### Question 1 - Random Policy

In [8]:
from sympy import symbols, Eq, solve

v1, v2, v3, v4, v5 = symbols('v1 v2 v3 v4 v5')

e1 = Eq(v1, -0.02 + 0.9*(0.7*v2 + 0.1*v3 + 0.1*v4 + 0.1*v5))
e2 = Eq(v2, -0.02 + 0.9*(0.7 + 0.1*v1 + 0.2*v2))
e3 = Eq(v3, -0.02 + 0.9*(0.1*v1 + 0.2*v2 + 0.7*v3))
e4 = Eq(v4, -0.02 + 0.9*(0.1*v1 + 0.1*v4 + 0.1*v4 + 0.7*(-1)))
e5 = Eq(v5, -0.02 + 0.9*(0.7*v1 + 0.3*v5))

solutions = solve((e1, e2, e3, e4, e5), (v1, v2, v3, v4, v5))
print(solutions)

{v1: 0.492963376738754, v2: 0.798008175495717, v3: 0.454076149988424, v4: -0.738577190357942, v5: 0.398036886774541}


### Question 1 - Optimal Policy

In [9]:
from sympy import symbols, Eq, solve

v1, v2, v3, v4, v5 = symbols('v1 v2 v3 v4 v5')

e1 = Eq(v1, -0.02 + 0.9*(0.7*v2 + 0.1*v5 + 0.1*v4 + 0.1*v3))
e2 = Eq(v2, -0.02 + 0.9*(0.7 + 0.2*v2 + 0.1*v1))
e3 = Eq(v3, -0.02 + 0.9*(0.7*v1 + 0.3*v3))
e4 = Eq(v4, -0.02 + 0.9*(0.7*v1 + 0.1*v4 + 0.1*v4 + 0.1*(-1)))
e5 = Eq(v5, -0.02 + 0.9*(0.7*v1 + 0.3*v5))

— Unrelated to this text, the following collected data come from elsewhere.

definition C_emp :: "'a bunch set" where "C_emp = cl {EmpM}"
definition C_top :: "'a bunch set" where "C_top = UNIV"
definition C_bot :: "'a bunch set" where "C_bot = cl {}"
definition C_or :: "'a bunch set \<Rightarrow> 'a bunch set \<Rightarrow> 'a bunch set" where
  "C_or X Y = cl (X \<union> Y)"
definition C_and :: "'a bunch set \<Rightarrow> 'a bunch set \<Rightarrow> 'a bunch set" where
  "C_and X Y = X \<inter> Y"
definition C_star :: "'a bunch set \<Rightarrow> 'a bunch set \<Rightarrow> 'a bunch set" where
  "C_star X Y = cl {Comma D D' | D D'. D \<in> X \<and> D' \<in> Y}"
definition C_wand :: "'a bunch set \<Rightarrow> 'a bunch set \<Rightarrow> 'a bunch set" where
  "C_wand X Y = {D. \<forall>D'\<in>X. Comma D D' \<in> Y}"
definition C_imp :: "'a bunch set \<Rightarrow> 'a bunch set \<Rightarrow> 'a bunch set" where
  "C_imp X Y = {D. \<forall>D'\<in>X. Semi D D' \<in> Y}"

fun interp :: "'a fm \<Rightarrow> 'a bunch set" where
  "interp FTop = C_top"
| "interp FBot = C_bot"
| "interp (FAnd \<phi> \<psi>) = C_and (interp \<phi>) (interp \<psi>)"
| "interp (FOr \<phi> \<psi>) = C_or (interp \<phi>) (interp \<psi>)"
| "interp (FImp \<phi> \<psi>) = C_imp (interp \<phi>) (interp \<psi>)"
| "interp FEmp = C_emp"
| "interp (FStar \<phi> \<psi>) = C_star (interp \<phi>) (interp \<psi>)"
| "interp (FWand \<phi> \<psi>) = C_wand (interp \<phi>) (interp \<psi>)"
| "interp (FAtom a) = out (FAtom a)"

end

theory Submission
  imports Defs
begin

text \<open>Okada's argument: by induction on \<open>\<phi>\<close>, \<open>BFm \<phi> \<in> interp \<phi> \<subseteq> out \<phi>\<close>. For \<open>\<and>\<close>, \<open>\<rightarrow>\<close>
  and \<open>-*\<close> the membership \<open>BFm \<phi> \<in> interp \<phi>\<close> is obtained from the left rule of the
  connective, so the induction also has to carry that every \<open>interp \<phi>\<close> is closed under those
  rules, weakening and bunch equivalence. Finally every bunch lies in \<open>interp (floor_b \<Delta>)\<close>,
  so the hypothesis gives \<open>\<Delta> \<in> interp \<phi> \<subseteq> out \<phi>\<close>.\<close>

lemma beq_SemiL: "beq D D' \<Longrightarrow> beq (Semi D E) (Semi D' E)"
  using beq_ctx[of D D' "SemiL Hole E"] by simp

lemma beq_CommaL: "beq D D' \<Longrightarrow> beq (Comma D E) (Comma D' E)"
  using beq_ctx[of D D' "CommaL Hole E"] by simp

lemma beq_Semi_EmpA_left: "beq (Semi EmpA D) D"
  by (meson beq_trans semi_comm semi_unit)
(* In the setting below, consider a purely asymmetric configuration with $\lambda_{DA}$ the lexicographically strictly largest word. After one move by a robot according to Algorithm 2, $\lambda_{DA}$ remains strictly larger than each of $\lambda_{CD},\lambda_{AD},\lambda_{CB},\lambda_{AB},\lambda_{BA},\lambda_{BC}$.
   Context: Setting: $G$ is the $n\times n$ grid, $n$ even, configuration $f:V(G)\to\{0,1,2\}$ ($0$ empty, $1$ singleton, $2$ multiplicity = at least two robots; robots have only weak multiplicity detection), no corner occupied, at least one robot on the boundary. Corners $A,B,C,D$ with sides $DA,AB,BC,CD$. For adjacent corners $(X,Y)$, $\lambda_{XY}\in\{0,1,2\}^{n^2}$ reads $f$ along side $XY$ from $X$ to $Y$, then along successive parallel grid lines in order of increasing distance from $XY$, each in the same direction. Words compared lexicographically. Coordinates: when $\lambda_{DA}$ is strictly largest, node $(i,j)$ ($1\le i,j\le n$) is at distance $i-1$ from side $DC$ and $j-1$ from side $DA$; thus $D=(1,1)$, $A=(n,1)$, $C=(1,n)$, $B=(n,n)$, and $(i,j)$ is entry $n(j-1)+i$ of $\lambda_{DA}$. Asymmetric: $\lambda_{DA}$ strictly exceeds the other seven words. Second largest corner: whichever of $A,C$ starts the largest of $\lambda_{AB},\lambda_{AD},\lambda_{CB},\lambda_{CD}$. Almost symmetric of the first type: asymmetric, no multiplicities, a robot on $DC$, and $\lambda_{DA},\lambda_{DC}$ coincide after replacing each one's first nonzero entry by $0$. Almost symmetric of the second type: asymmetric, no multiplicities, and for the second largest corner $X$ with adjacent corners $Y,Z$, $\lambda_{XY},\lambda_{XZ}$ coincide after replacing each one's first nonzero entry by $0$. Purely asymmetric: asymmetric and neither almost symmetric type. Leading duo of a purely asymmetric configuration: if the first nonzero entry of $\lambda_{DA}$ is $1$, the robots at the first two nonzero entries of $\lambda_{DA}$ (the first robot and the second robot); if it is $2$, the robots of that multiplicity. Algorithm 2: in a purely asymmetric configuration, each robot of the leading duo, located at $(i,j)$, moves to $(i-1,j)$ (along its column toward $D$) if $j=1$, or $j=2$ and $i>2$, or $i=n$ and $j\le n/2$; otherwise it moves to $(i,j-1)$ (along its row toward $D$). Other robots stay. *)

theory Defs
  imports Main
begin

text \<open>Nodes of the n x n grid are pairs (i,j) with 1 <= i,j <= n, in the coordinates of
the paper: D=(1,1), A=(n,1), C=(1,n), B=(n,n); side DA is j=1, side DC is i=1.
A configuration is f :: nat => nat => nat with values in {0,1,2}.
The underlying robot placement is given by robot counts c :: nat => nat => nat;
the observed configuration (weak multiplicity detection) is  cap c.\<close>

definition cap :: "(nat \<Rightarrow> nat \<Rightarrow> nat) \<Rightarrow> nat \<Rightarrow> nat \<Rightarrow> nat" where
  "cap c = (\<lambda>i j. min 2 (c i j))"
lemma word_eval_take_Suc:
  assumes "set w \<subseteq> carrier G" and "i < length w"
  shows "word_eval G (take (Suc i) w) = word_eval G (take i w) \<otimes> w ! i"
proof -
  have "set (take i w) \<subseteq> carrier G" "w ! i \<in> carrier G"
    using assms by (auto dest: in_set_takeD)
  then show ?thesis
    using assms(2) by (simp add: take_Suc_conv_app_nth word_eval_append)
qed

lemma word_eval_rev_map_inv:
  "set w \<subseteq> carrier G \<Longrightarrow> word_eval G (rev (map (\<lambda>u. inv u) w)) = inv (word_eval G w)"
proof (induction w)
  case (Cons a w)
  then have "set (rev (map (\<lambda>u. inv u) w)) \<subseteq> carrier G"
    by auto
  with Cons show ?case
    by (simp add: word_eval_append word_eval_closed inv_mult_group)
qed simp

lemma word_eval_cancel_inverse:
  assumes "set c \<subseteq> carrier G" "set v \<subseteq> carrier G" "set v' \<subseteq> carrier G"
  shows "word_eval G (c @ v') \<otimes> word_eval G (rev (map (\<lambda>u. inv u) v') @ v) = word_eval G (c @ v)"
proof -
  have "set (rev (map (\<lambda>u. inv u) v')) \<subseteq> carrier G"
    using assms(3) by auto
  with assms have "word_eval G (c @ v') \<otimes> word_eval G (rev (map (\<lambda>u. inv u) v') @ v)
      = word_eval G c \<otimes> (word_eval G v' \<otimes> (inv (word_eval G v') \<otimes> word_eval G v))"
    by (simp add: word_eval_append word_eval_rev_map_inv word_eval_closed m_assoc)
  also have "\<dots> = word_eval G c \<otimes> word_eval G v"
    using assms by (simp add: word_eval_closed m_assoc[of "word_eval G v'", symmetric])
  finally show ?thesis
    using assms by (simp add: word_eval_append)
qed

lemma letters_closed: "U \<subseteq> carrier G \<Longrightarrow> letters G U \<subseteq> carrier G"
  unfolding letters_def by auto

lemma inv_in_letters: "U \<subseteq> carrier G \<Longrightarrow> u \<in> letters G U \<Longrightarrow> inv u \<in> letters G U"
  unfolding letters_def by (auto simp: subset_iff)

lemma inv_letter_neq:
  assumes "U \<subseteq> carrier G" and "U \<inter> (\<lambda>u. inv u) ` U = {}" and "u \<in> letters G U"
  shows "inv u \<noteq> u"
  using assms unfolding letters_def by (auto simp: subset_iff) (metis IntI empty_iff image_eqI)+
text \<open>A rational parametrisation of the circle of spectra \<lambda>1 + \<lambda>2 + \<lambda>3 = 0,
  \<lambda>1^2 + \<lambda>2^2 + \<lambda>3^2 = 2, namely rcos s (1, 0, -1) + rsin s (1, -2, 1) / sqrt 3.\<close>
definition ev1 :: "real \<Rightarrow> real" where "ev1 s = rcos s + rsin s / sqrt 3"
definition ev2 :: "real \<Rightarrow> real" where "ev2 s = - 2 * rsin s / sqrt 3"
definition ev3 :: "real \<Rightarrow> real" where "ev3 s = - rcos s + rsin s / sqrt 3"

lemma rcos_rsin_sq: "rcos s ^ 2 + rsin s ^ 2 = 1"
proof -
  have "s^2 + 1 \<noteq> 0" by (simp add: add_nonneg_eq_0_iff)
  then show ?thesis
    by (simp add: rcos_def rsin_def power_divide divide_simps)
      (simp add: power2_eq_square algebra_simps)
qed

lemma ev_sum: "ev1 s + ev2 s + ev3 s = 0"
  by (simp add: ev1_def ev2_def ev3_def)

lemma ev_sum_squares: "ev1 s ^ 2 + ev2 s ^ 2 + ev3 s ^ 2 = 2"
proof -
  have "ev1 s ^ 2 + ev2 s ^ 2 + ev3 s ^ 2 = 2 * rcos s ^ 2 + 6 * (rsin s / sqrt 3) ^ 2"
    by (simp add: ev1_def ev2_def ev3_def power2_eq_square algebra_simps)
  also have "\<dots> = 2" using rcos_rsin_sq[of s] by (simp add: power_divide)
  finally show ?thesis .
qed

lemma rcos_rsin_bounds:
  assumes "100 \<le> s"
  shows "3/4 < rcos s" "rcos s < 1" "0 < rsin s" "rsin s < 1/8"
proof -
  have s2: "100 * s \<le> s^2" using assms by (simp add: power2_eq_square)
  have p: "0 < s^2 + 1" by (smt (verit) zero_le_power2)
  show "3/4 < rcos s" "rcos s < 1"
    unfolding rcos_def using assms s2 p by (simp_all add: less_divide_eq divide_less_eq)
  show "0 < rsin s" "rsin s < 1/8"
    unfolding rsin_def using assms s2 p by (simp_all add: less_divide_eq divide_less_eq)
qed

lemma sqrt3_bounds: "1 < sqrt (3::real)" "sqrt (3::real) < 15/8"
  by (rule real_less_rsqrt, simp, rule real_less_lsqrt, simp_all add: power2_eq_square)

lemma ev_bounds:
  assumes "100 \<le> s"
  shows "1/2 < ev1 s" "ev1 s < 2 / sqrt 3" "- 1/2 < ev2 s" "ev2 s < 0" "ev3 s < - 1/2"
proof -
  note b = rcos_rsin_bounds[OF assms] and r = sqrt3_bounds
  have "rsin s < sqrt 3 / 8" using b r by linarith
  then have "0 < rsin s / sqrt 3" "rsin s / sqrt 3 < 1/8" using b by (simp_all add: divide_less_eq)
  then show "1/2 < ev1 s" "- 1/2 < ev2 s" "ev2 s < 0" "ev3 s < - 1/2"
    using b unfolding ev1_def ev2_def ev3_def by linarith+
  have "sqrt 3 * rcos s < sqrt 3" using b r by simp
  then have "sqrt 3 * rcos s + rsin s < 2" using b r by linarith
  moreover have "ev1 s = (sqrt 3 * rcos s + rsin s) / sqrt 3"
    using r by (simp add: ev1_def add_divide_distrib)
  ultimately show "ev1 s < 2 / sqrt 3" using r by (simp add: divide_strict_right_mono)
qed

lemma ev_distinct:
  assumes "100 \<le> s" "100 \<le> t"
  shows "ev1 s \<noteq> ev2 t" "ev1 s \<noteq> ev3 t" "ev2 s \<noteq> ev1 t" "ev2 s \<noteq> ev3 t"
    "ev3 s \<noteq> ev1 t" "ev3 s \<noteq> ev2 t"
  using ev_bounds[OF assms(1)] ev_bounds[OF assms(2)] by linarith+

solutions = solve((e1, e2, e3, e4, e5), (v1, v2, v3, v4, v5))
print(solutions)

{v1: 0.611091928198094, v2: 0.810973504314425, v3: 0.499983444883286, v4: 0.335351115566828, v5: 0.499983444883286}


### Justifying the idea of non-zero probability

The transition probability for the random policy has a non-zero probability of going backwards. It would be due to of randomness and uncertainty or negative ffedback, non - deterministic dynamics. 

### Question 2

In [10]:
def bellman_equation(values, policy):
    new_values = [0.0] * len(values)
    for i in range(len(values)):
        if i == 0:
            new_values[i] = -0.02 + 0.9 * (
                0.7 * values[1] + 0.1 * values[4] + 0.1 * values[3] + 0.1 * values[2]
            )
        elif i == 1:
            new_values[i] = -0.02 + 0.9 * (
                0.7 + 0.2 * values[1] + 0.1 * values[0]
            )
        elif i == 2:
            new_values[i] = -0.02 + 0.9 * (
                0.7 * values[0] + 0.3 * values[2]
            )
        elif i == 3:
            new_values[i] = -0.02 + 0.9 * (
                0.7 * values[0] + 0.1 * values[3] + 0.1 * values[3] + 0.1 * (-1)
            )
        elif i == 4:
            new_values[i] = -0.02 + 0.9 * (
                0.7 * values[0] + 0.3 * values[4]
            )
    return new_values

def main():
    num_states = 5
    initial_values = [0.0] * num_states
    random_policy = [0.25, 0.25, 0.25, 0.25, 0.0]  # Your random policy probabilities

    iterations = 100
    for i in range(iterations):
        initial_values = bellman_equation(initial_values, random_policy)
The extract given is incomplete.